Doctoral Dissertations

Date of Award


Degree Type


Degree Name

Doctor of Education



Major Professor

Karl J. Jost

Committee Members

Clinton B. Allison, David L. Dungan, Robert Howard, W. Lee Humphreys, & Anand Malik


The purpose of this study was to investigate the differences in religious conflict and anxiety among religiously fundamentalist students enrolled in three institutions in East Tennessee. It was felt that such an inquiry would provide insight into the difficulties encountered by the religiously fundamentalist student as that person moves and functions in higher education.

The subjects were 301 freshman students. The study was accomplished in two phases. Phase one involved meeting with freshman English classes at two of the institutions and introductory Sociology classes at the other institution and asking the students to provide certain biographical information as well as mark their answers on four brief tests designed to measure socio-economic status, religious fundamentalism, anxiety, and religious conflict. Phase two of the study consisted of 30 interviews, 10 students from each of the 3 schools. Interviewees were chosen on the basis of scores earned on the tests. Statistical techniques used were correlation and analysis of variance.

The general findings of the study were as follows:

1. Twenty percent of all students reported strong religious conflict and anxiety accompanied by such difficulties as inability to sleep, eat or study; severe stomach pains; mental anguish; inability to concentrate; and daydreaming.

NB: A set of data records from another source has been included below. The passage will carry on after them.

(* Let $n\le m$, $w\in\mathcal W_m$ and $w^c=c_m(w)\in\mathcal W^c_m$, with $w$ on $[0,K_m)$ and $w^c$ on $[0,q_m)$. Let $S^*$ be a set of $(n,m)$-genetic markers, $g=\prod_{i=n}^{m-1}k_i$ the total number of $(n,m)$-genetic markers and $d=|S^*|/g$. Let $A\subseteq[0,K_m)$ be the set of locations at which an $n$-subword of $w$ with genetic marker in $S^*$ begins, and $A^c\subseteq[0,q_m)$ the set of locations at which an $n$-subword of $w^c$ with genetic marker in $S^*$ begins. Then $$\frac{|A|}{K_m}=\frac{d}{K_n},\qquad \frac{|A^c|}{q_m}=\frac{d}{q_n}\prod_{p=n}^{m-1}\Big(1-\frac1{l_p}\Big),$$ and consequently $\frac{|A^c|}{q_m}=\frac{|A|}{K_m}\prod_{p=n}^{m-1}(1-\frac1{l_p})\frac{K_n}{q_n}$.
   Context: Fix a circular coefficient sequence $\langle k_n,l_n\rangle$, $K_n=\prod_{i<n}k_i$, $q_0=1,p_0=0$, $q_{n+1}=k_nl_nq_n^2$, $p_{n+1}=p_nq_nk_nl_n+1$; $\mathcal C_n(w_0,\dots,w_{k_n-1})=\prod_{i=0}^{q_n-1}\prod_{j=0}^{k_n-1}(b^{q_n-j_i}w_j^{l_n-1}e^{j_i})$ with $j_i\in[0,q_n)$, $j_i\equiv p_n^{-1}i\pmod{q_n}$. $\langle\mathcal W_n\rangle$ is an odometer-based construction sequence ($\mathcal W_0=\Sigma$, $\mathcal W_{n+1}\subseteq(\mathcal W_n)^{k_n}$, uniquely readable); $c_0=\mathrm{id}$, $c_{n+1}(w_0\cdots w_{k_n-1})=\mathcal C_n(c_n(w_0),\dots,c_n(w_{k_n-1}))$, $\mathcal W_n^c=c_n[\mathcal W_n]$. Genetic markers: in an odometer word $w_0w_1\cdots w_{k_t-1}\in\mathcal W_{t+1}$ the $t$-subword $w_j$ has marker $j$; in a circular word $\mathcal C_t(w_0,\dots,w_{k_t-1})$ each displayed copy of $w_j$ in the power $w_j^{l_t-1}$ is a $t$-subword with marker $j$. An $n$-subword occurrence in an $m$-word lies in a unique chain $u_n\subset u_{n+1}\subset\dots\subset u_m$ with $u_i$ a subword of $u_{i+1}$ of marker $j_i$; its $(n,m)$-genetic marker is $\langle j_n,\dots,j_{m-1}\rangle$, $0\le j_i<k_i$. *)

theory Defs
  imports Complex_Main
begin
text \<open>Cauchy--Schwarz for the real form \<open>(X, Y) \<mapsto> Re tr (X A Y)\<close>, evaluated at the observable
  \<open>Q\<close> and the logarithmic derivative \<open>L\<close>.\<close>
lemma sld_cauchy_schwarz:
  fixes A :: "'n::finite cmat"
  assumes A: "psd A" and L: "hermitian L" and sld: "dA + dA = A ** L + L ** A"
    and Q: "hermitian Q"
  shows "(Re (ctrace (Q ** dA)))\<^sup>2 \<le> Re (ctrace (Q ** A ** Q)) * Re (ctrace (A ** L ** L))"
proof -
  define b where "b X Y = Re (ctrace (X ** A ** Y))" for X Y :: "'n cmat"
  have hA: "hermitian A"
    using A by (simp add: psd_def)
  have b_sym: "b L Q = b Q L"
  proof -
    have "cadj (Q ** A ** L) = L ** A ** Q"
      using hA L Q by (simp add: cadj_mult hermitian_def matrix_mul_assoc)
    then show ?thesis
      by (metis b_def ctrace_cadj cnj.sel(1))
  qed
  have "2 * ctrace (Q ** dA) = ctrace (Q ** (A ** L + L ** A))"
    by (simp add: mult_2 ctrace_add[symmetric] matrix_add_ldistrib[symmetric] sld)
  also have "\<dots> = ctrace (Q ** A ** L) + ctrace (Q ** (L ** A))"
    by (simp add: matrix_add_ldistrib ctrace_add matrix_mul_assoc)
  also have "ctrace (Q ** (L ** A)) = ctrace (L ** A ** Q)"
    by (rule ctrace_mult_commute)
  finally have "Re (2 * ctrace (Q ** dA)) = Re (ctrace (Q ** A ** L) + ctrace (L ** A ** Q))"
    by (rule arg_cong)
  then have "2 * Re (ctrace (Q ** dA)) = b Q L + b L Q"
    by (simp add: b_def)
  then have tr_dA: "Re (ctrace (Q ** dA)) = b Q L"
    using b_sym by simp
  have tr_L: "Re (ctrace (A ** L ** L)) = b L L"
    unfolding b_def by (metis ctrace_mult_commute matrix_mul_assoc)
  have "0 \<le> b Q Q + 2 * t * b Q L + t\<^sup>2 * b L L" for t
  proof -
    have "0 \<le> Re (ctrace (cadj (Q + t *\<^sub>R L) ** A ** (Q + t *\<^sub>R L)))"
      by (rule psd_ctrace_sandwich_nonneg[OF A])
    also have "cadj (Q + t *\<^sub>R L) = Q + t *\<^sub>R L"
      using Q L by (simp add: cadj_add cadj_scaleR hermitian_def)
    also have "Re (ctrace ((Q + t *\<^sub>R L) ** A ** (Q + t *\<^sub>R L)))
        = b Q Q + t * b Q L + t * b L Q + t\<^sup>2 * b L L"
      by (simp add: b_def matrix_add_ldistrib matrix_add_rdistrib scalar_matrix_assoc[symmetric]
          matrix_scalar_ac ctrace_add ctrace_scaleR power2_eq_square algebra_simps)
    finally show ?thesis
      using b_sym by simp
  qed
  moreover have "0 \<le> b L L"
    using psd_ctrace_sandwich_nonneg[OF A, of L] L by (simp add: b_def hermitian_def)
  ultimately have "(b Q L)\<^sup>2 \<le> b Q Q * b L L"
    by (rule discriminant_le_if_quadratic_nonneg)
  then show ?thesis
    using tr_dA tr_L by (simp add: b_def)
qed
lemma card_row_incidences:
  assumes ooc: "is_OOC_4_2 u v C" and v: "v > 0" and i: "i < u" and six: "6 dvd u * v"
  shows "3 * card (row_incidences C i) + 4 \<le> (u * v - 1) choose 2"
proof -
  interpret triple_packing "{0..<u} \<times> {0..<v} - {(i, 0)}" "row_incidences C i"
    "\<lambda>(A, j). shift_cell v (- int j) ` A - {(i, 0)}"
    by (rule row_triple_packing[OF ooc v])
  obtain m where m: "u * v = 6 * m + 6"
    using six i v by (elim positive_multiple_of_6E) simp
  define M where "M = 6 * m * m + 9 * m + 2"
  have points: "card ({0..<u} \<times> {0..<v} - {(i, 0)}) = 6 * m + 5"
    using i v m by (simp add: card_Diff_singleton)
  have pairs: "(6 * m + 5) choose 2 = 3 * M + 4"
    unfolding M_def by (simp add: choose_two algebra_simps)
  have "3 * card (row_incidences C i) \<le> 3 * M + 4"
    and "3 * card (row_incidences C i) + 1 \<noteq> 3 * M + 4"
    using card_blocks points pairs by simp_all
  then have "card (row_incidences C i) \<le> M" by presburger
  moreover have "u * v - 1 = 6 * m + 5" using m by simp
  ultimately show ?thesis using pairs by (simp only:)
qed

lemma sum_card_row_incidences:
  assumes ooc: "is_OOC_4_2 u v C"
  shows "(\<Sum>i<u. card (row_incidences C i)) = 4 * card C"
proof -
  note grid = is_OOC_4_2_codeword(1)[OF ooc]
  have fin_rows: "finite (row_incidences C i)" for i
    by (rule finite_subset[of _ "C \<times> {0..<v}"])
      (use grid finite_OOC_4_2[OF ooc] in \<open>auto simp: row_incidences_def\<close>)
  define flip where "flip = (\<lambda>(A :: (nat \<times> nat) set, (i :: nat, j :: nat)). (i, (A, j)))"
  have "inj_on flip (SIGMA A:C. A)"
    unfolding flip_def by (auto simp: inj_on_def)
  moreover have "flip ` (SIGMA A:C. A) = (SIGMA i:{..<u}. row_incidences C i)"
    using grid unfolding flip_def row_incidences_def by (auto simp: image_iff) force+
  ultimately have "card (SIGMA i:{..<u}. row_incidences C i) = card (SIGMA A:C. A)"
    using card_image by fastforce
  also have "\<dots> = (\<Sum>A\<in>C. card A)"
    using finite_OOC_4_2[OF ooc] grid finite_subset by (subst card_SigmaI) blast+
  also have "\<dots> = 4 * card C"
    using is_OOC_4_2_codeword(2)[OF ooc] by simp
  finally show ?thesis
    using fin_rows by (simp add: card_SigmaI)
qed

lemma card_OOC_4_2:
  assumes ooc: "is_OOC_4_2 u v C" and "v > 0" "6 dvd u * v"
  shows "12 * card C + 4 * u \<le> u * ((u * v - 1) choose 2)"
proof -
  have "12 * card C + 4 * u = (\<Sum>i<u. 3 * card (row_incidences C i) + 4)"
    using sum_card_row_incidences[OF ooc] by (simp add: sum.distrib sum_distrib_left[symmetric])
  also have "\<dots> \<le> (\<Sum>i<u. (u * v - 1) choose 2)"
    using card_row_incidences[OF ooc assms(2) _ assms(3)] by (intro sum_mono) auto
  finally show ?thesis by simp
qed
(* Let $\ell\ge2$. In $CK(2,\ell)$ there is a directed path from a vertex $u$ to a vertex $v$ if and only if the imprint of $v$ contains the same number of $+$ signs and the same number of $-$ signs as the imprint of $u$.
   Context: $CK(2,\ell)$ has as vertices all sequences $a_1\ldots a_\ell\in\{0,1,2\}^\ell$ with $a_i\neq a_{i+1}$ for $1\le i\le\ell-1$ and $a_1\ne a_\ell$, and an arc from $a_1\ldots a_\ell$ to $b_1\ldots b_\ell$ iff both are vertices and $b_i=a_{i+1}$ for $1\le i\le \ell-1$. For distinct $a,b\in\{0,1,2\}$ define $sgn(0,1)=sgn(1,2)=sgn(2,0)=+$ and $sgn(1,0)=sgn(2,1)=sgn(0,2)=-$. The imprint of $v=v_1\ldots v_\ell$ is $im(v)=(sgn(v_1,v_2),\dots,sgn(v_{\ell-1},v_\ell),sgn(v_\ell,v_1))$. *)

theory Defs
  imports Main
begin

text \<open>Vertices of CK(2,l): sequences a_1 ... a_l over {0,1,2}, represented as lists of
  naturals of length l (index i of the list is a_(i+1)).\<close>
definition CK_vertex :: "nat \<Rightarrow> nat list \<Rightarrow> bool" where
  "CK_vertex l a \<longleftrightarrow> length a = l \<and> set a \<subseteq> {0,1,2}
     \<and> (\<forall>i. i + 1 < l \<longrightarrow> a ! i \<noteq> a ! (i + 1))
     \<and> a ! 0 \<noteq> a ! (l - 1)"

definition CK_arc :: "nat \<Rightarrow> nat list \<Rightarrow> nat list \<Rightarrow> bool" where
  "CK_arc l a b \<longleftrightarrow> CK_vertex l a \<and> CK_vertex l b
     \<and> (\<forall>i. i + 1 < l \<longrightarrow> b ! i = a ! (i + 1))"

datatype sign = Plus | Minus

definition sgn3 :: "nat \<Rightarrow> nat \<Rightarrow> sign" where
  "sgn3 a b = (if (a, b) \<in> {(0,1),(1,2),(2,0)} then Plus else Minus)"

definition imprint :: "nat list \<Rightarrow> sign list" where
  "imprint v = map (\<lambda>i. sgn3 (v ! i) (v ! ((i + 1) mod length v))) [0..<length v]"

definition count_sign :: "sign \<Rightarrow> sign list \<Rightarrow> nat" where
  "count_sign s xs = length (filter (\<lambda>x. x = s) xs)"

end

theory Submission
  imports Defs "HOL-Library.Multiset"
begin

text \<open>
  An arc overwrites entry 0 of a vertex and then rotates it by one.  A vertex may change
  in a single entry j only if the two cyclic neighbours of j agree, and the new entry is then the
  third symbol (a flip); a flip swaps the imprint entries at the predecessor of j and at j,
  while a rotation rotates the imprint.  Hence the multiset of the imprint is invariant.
  Conversely, rotations and flips are reachable and every arc can be undone, so reachability is
  symmetric.  Flipping adjacent entries (-,+) of the imprint away from position 0 sorts it into
  +\<dots>+-\<dots>- without touching the first entry, and any symbol can be brought to the front.  A
  vertex is determined by its first entry and its imprint, so two vertices with the same sign
  counts reach a common vertex.
\<close>

section \<open>Cyclic description of the vertices\<close>

lemma Suc_mod_inj:
  fixes i k l :: nat
  assumes "i < l" "k < l" "Suc i mod l = Suc k mod l"
  shows "i = k"
  using assms by (auto simp: mod_Suc split: if_splits)

lemma Suc_mod_neq:
  fixes j l :: nat
  assumes "2 \<le> l" "j < l"
  shows "Suc j mod l \<noteq> j"
  using assms by (auto simp: mod_Suc)

lemma cyclic_pred_exists:
  fixes j l :: nat
  assumes "j < l"
  shows "\<exists>k<l. Suc k mod l = j"
proof (cases j)
  case 0
  then show ?thesis using assms by (intro exI[of _ "l - 1"]) simp
next
  case (Suc k)
  then show ?thesis using assms by (intro exI[of _ k]) simp
qed

lemma CK_vertex_two_le: "CK_vertex l a \<Longrightarrow> 2 \<le> l"
  by (cases "l - 1 = 0") (auto simp: CK_vertex_def)

lemma CK_vertex_iff_cyclic:
  assumes "0 < l"
  shows "CK_vertex l a \<longleftrightarrow>
    length a = l \<and> set a \<subseteq> {0,1,2} \<and> (\<forall>i<l. a ! i \<noteq> a ! (Suc i mod l))"
proof -
  have "(\<forall>i<l. a ! i \<noteq> a ! (Suc i mod l)) \<longleftrightarrow>
        (\<forall>i. i + 1 < l \<longrightarrow> a ! i \<noteq> a ! (i + 1)) \<and> a ! 0 \<noteq> a ! (l - 1)"
  proof safe
    fix i assume "\<forall>i<l. a ! i \<noteq> a ! (Suc i mod l)" "i + 1 < l" "a ! i = a ! (i + 1)"
    then show False by (metis Suc_eq_plus1 Suc_lessD mod_less)
  next
    assume "\<forall>i<l. a ! i \<noteq> a ! (Suc i mod l)" "a ! 0 = a ! (l - 1)"
    then show False using assms by (metis Suc_pred' diff_less less_numeral_extra(1) mod_self)
  next
    fix i assume "\<forall>i. i + 1 < l \<longrightarrow> a ! i \<noteq> a ! (i + 1)" "a ! 0 \<noteq> a ! (l - 1)"
      "i < l" "a ! i = a ! (Suc i mod l)"
    then show False by (cases "Suc i = l") auto
  qed
  then show ?thesis using assms by (auto simp: CK_vertex_def)
qed

lemma CK_vertex_length: "CK_vertex l a \<Longrightarrow> length a = l"
  by (simp add: CK_vertex_def)

lemma CK_vertex_nth_in: "CK_vertex l a \<Longrightarrow> i < l \<Longrightarrow> a ! i \<in> {0,1,2}"
  unfolding CK_vertex_def using nth_mem by blast

lemma CK_vertex_nth_neq: "CK_vertex l a \<Longrightarrow> i < l \<Longrightarrow> a ! i \<noteq> a ! (Suc i mod l)"
  using CK_vertex_iff_cyclic CK_vertex_two_le by fastforce

lemma third_value:
  fixes x y :: nat
  assumes "x \<in> {0,1,2}" "y \<in> {0,1,2}" "x \<noteq> y"
  shows "3 - x - y \<in> {0,1,2}" "3 - x - y \<noteq> x"
    "sgn3 (3 - x - y) x = sgn3 x y" "sgn3 x (3 - x - y) = sgn3 y x"
  using assms by (auto simp: sgn3_def)

lemma sgn3_left_cancel:
  assumes "x \<in> {0,1,2}" "y \<in> {0,1,2}" "z \<in> {0,1,2}" "x \<noteq> y" "x \<noteq> z"
    and "sgn3 x y = sgn3 x z"
  shows "y = z"
  using assms by (auto simp: sgn3_def)

lemma sgn3_neq_imp_eq:
  assumes "x \<in> {0,1,2}" "y \<in> {0,1,2}" "z \<in> {0,1,2}" "x \<noteq> y" "y \<noteq> z"
    and "sgn3 x y \<noteq> sgn3 y z"
  shows "x = z"
  using assms by (auto simp: sgn3_def)

lemma length_imprint [simp]: "length (imprint a) = length a"
  by (simp add: imprint_def)

lemma nth_imprint: "i < length a \<Longrightarrow> imprint a ! i = sgn3 (a ! i) (a ! (Suc i mod length a))"
  by (simp add: imprint_def)

section \<open>Rotations and flips\<close>

lemma mset_rotate [simp]: "mset (rotate n xs) = mset xs"
proof -
  have "mset (rotate1 ys) = mset ys" for ys :: "'a list" by (cases ys) auto
  then show ?thesis by (induction n) (simp_all add: rotate_Suc)
qed

lemma mod_add_Suc_mod: "(k + Suc i mod l) mod l = Suc ((k + i) mod l) mod (l::nat)"
  by (metis add_Suc_right mod_Suc_eq mod_add_right_eq)

lemma CK_vertex_rotate:
  assumes "CK_vertex l a"
  shows "CK_vertex l (rotate k a)"
proof -
  have l: "0 < l" "length a = l" using assms CK_vertex_two_le CK_vertex_length by fastforce+
  have "rotate k a ! i \<noteq> rotate k a ! (Suc i mod l)" if "i < l" for i
    using CK_vertex_nth_neq[OF assms, of "(k + i) mod l"] that l
    by (simp add: nth_rotate mod_add_Suc_mod)
  then show ?thesis using assms l by (simp add: CK_vertex_iff_cyclic)
qed

lemma imprint_rotate: "imprint (rotate k a) = rotate k (imprint a)"
proof (cases "a = []")
  case False
  show ?thesis
  proof (rule nth_equalityI)
    fix i assume "i < length (imprint (rotate k a))"
    then show "imprint (rotate k a) ! i = rotate k (imprint a) ! i"
      using False by (simp add: nth_rotate nth_imprint mod_add_Suc_mod)
  qed simp
qed (simp add: imprint_def)

lemma rotate_list_update:
  assumes "j < length xs"
  shows "rotate j (xs[j := x]) = (rotate j xs)[0 := x]"
proof (rule nth_equalityI)
  fix i assume "i < length (rotate j (xs[j := x]))"
  then have "i < length xs" by simp
  moreover have "(j + i) mod length xs = j \<longleftrightarrow> i = 0" if "i < length xs"
    using that assms by (cases "j + i < length xs") (auto simp: mod_if)
  ultimately show "rotate j (xs[j := x]) ! i = (rotate j xs)[0 := x] ! i"
    using assms by (cases "i = 0") (auto simp: nth_rotate nth_list_update)
qed simp

lemma CK_vertex_update:
  assumes V: "CK_vertex l a" and k: "k < l" "Suc k mod l = j"
    and x: "x \<in> {0,1,2}" "x \<noteq> a ! k" "x \<noteq> a ! (Suc j mod l)"
  shows "CK_vertex l (a[j := x])"
proof -
  have l: "2 \<le> l" "length a = l" using V CK_vertex_two_le CK_vertex_length by blast+
  have j: "j < l" using k(2) l(1) mod_less_divisor[of l "Suc k"] by linarith
  have kj: "k \<noteq> j" and succ_j: "Suc j mod l \<noteq> j" using Suc_mod_neq l j k(2) by blast+
  have "a[j := x] ! i \<noteq> a[j := x] ! (Suc i mod l)" if i: "i < l" for i
  proof -
    consider "i = j" | "i = k" | "i \<noteq> j" "i \<noteq> k" by blast
    then show ?thesis
    proof cases
      case 1
      then show ?thesis using x(3) succ_j j l by simp
    next
      case 2
      then show ?thesis using x(2) k(2) kj j l by simp
    next
      case 3
      then have "Suc i mod l \<noteq> j" using Suc_mod_inj i k by metis
      then show ?thesis using 3 CK_vertex_nth_neq[OF V i] l by simp
    qed
  qed
  moreover have "set (a[j := x]) \<subseteq> {0,1,2}"
    using V x(1) set_update_subset_insert unfolding CK_vertex_def by fastforce
  ultimately show ?thesis using l by (simp add: CK_vertex_iff_cyclic)
qed
lemma fdens_level_expansion:
  assumes C: "25 \<le> C" and w: "1 \<le> w" "w \<le> real n / 10" "2 * sqrt (real n) \<le> w"
    and k: "real k \<le> real n - 3 * w" and \<xi>: "0 \<le> \<xi>" "\<xi> \<le> 1"
    and v: "v \<in> {fdens (n + 1 - k) (1 + w - bfun (n + 1) w - \<xi>), fdens (n + 1 - k) (1 - w - \<xi>)}"
  shows "\<exists>(\<theta>s::nat \<Rightarrow> real) (\<theta>::real). (\<forall>j \<in> {n - k..n}. \<bar>\<theta>s j\<bar> \<le> 1) \<and> \<bar>\<theta>\<bar> \<le> 1 \<and>
          v = fdens (n + 1) (1 - w) *
              exp ((\<Sum>j = n - k..n. 1 / (2 * real j) * (1 - w\<^sup>2 / real j)
                         + \<theta>s j * C * w ^ 3 / (real j) ^ 3)
                   + \<theta> * C * w / real n)"
proof -
  define S where "S = (\<Sum>j = n - k..n. w^3 / (real j)^3)"
  obtain E where E: "\<bar>E\<bar> \<le> 25 * (S + w / real n)"
    and v_eq: "v = fdens (n + 1) (1 - w) * exp ((\<Sum>j = n - k..n. level_drift j w) + E)"
    using fdens_level_eq_exp[OF w k \<xi> v] by (auto simp: S_def)
  have "0 \<le> S"
    using w by (auto simp: S_def intro!: sum_nonneg)
  moreover have "0 < w / real n"
    using w by simp
  ultimately have S: "0 < S + w / real n"
    by simp
  then have CS: "0 < C * (S + w / real n)"
    using C by simp
  have "\<bar>E\<bar> \<le> C * (S + w / real n)"
    using E mult_right_mono[OF C, of "S + w / real n"] S by linarith
  define \<theta> where "\<theta> = E / (C * (S + w / real n))"
  have "\<bar>\<theta>\<bar> \<le> 1"
    using \<open>\<bar>E\<bar> \<le> C * (S + w / real n)\<close> CS by (simp add: \<theta>_def abs_divide)
  have "\<theta> * C * S + \<theta> * C * w / real n = \<theta> * (C * (S + w / real n))"
    by (simp add: algebra_simps)
  also have "\<dots> = E"
    using CS by (metis \<theta>_def nonzero_eq_divide_eq order_less_irrefl)
  finally have "(\<Sum>j = n - k..n. 1 / (2 * real j) * (1 - w\<^sup>2 / real j) + \<theta> * C * w ^ 3 / (real j) ^ 3)
      + \<theta> * C * w / real n = (\<Sum>j = n - k..n. level_drift j w) + E"
    by (simp add: S_def level_drift_def sum.distrib sum_distrib_left mult_ac)
  then show ?thesis
    using v_eq \<open>\<bar>\<theta>\<bar> \<le> 1\<close> by (intro exI[of _ "\<lambda>_. \<theta>"] exI[of _ \<theta>]) auto
qed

The classroom was found to be a main source of religious conflict.

2. The variables religious fundamentalism and anxiety were not correlated at either of the three institutions.

3. The variables religious fundamentalism and religious conflict were negatively correlated at each of the three institutions.

4. Religious conflict was positively correlated with anxiety at the three institutions.

5. There were considerable differences among the three schools with respect to religious fundamentalism and religious conflict though not anxiety.

6. Religious fundamentalism, religious conflict, and anxiety were related positively or negatively to one or more of the following personal data variables depending upon whether institutional scores or total scores were used: consent to be interviewed, religious preference, denominational preference, sex, state of residence, size of community of residence, socio-economic status, attendance at church and Sunday School, or grade point average. The major variables were not related to age or approximate size of home church.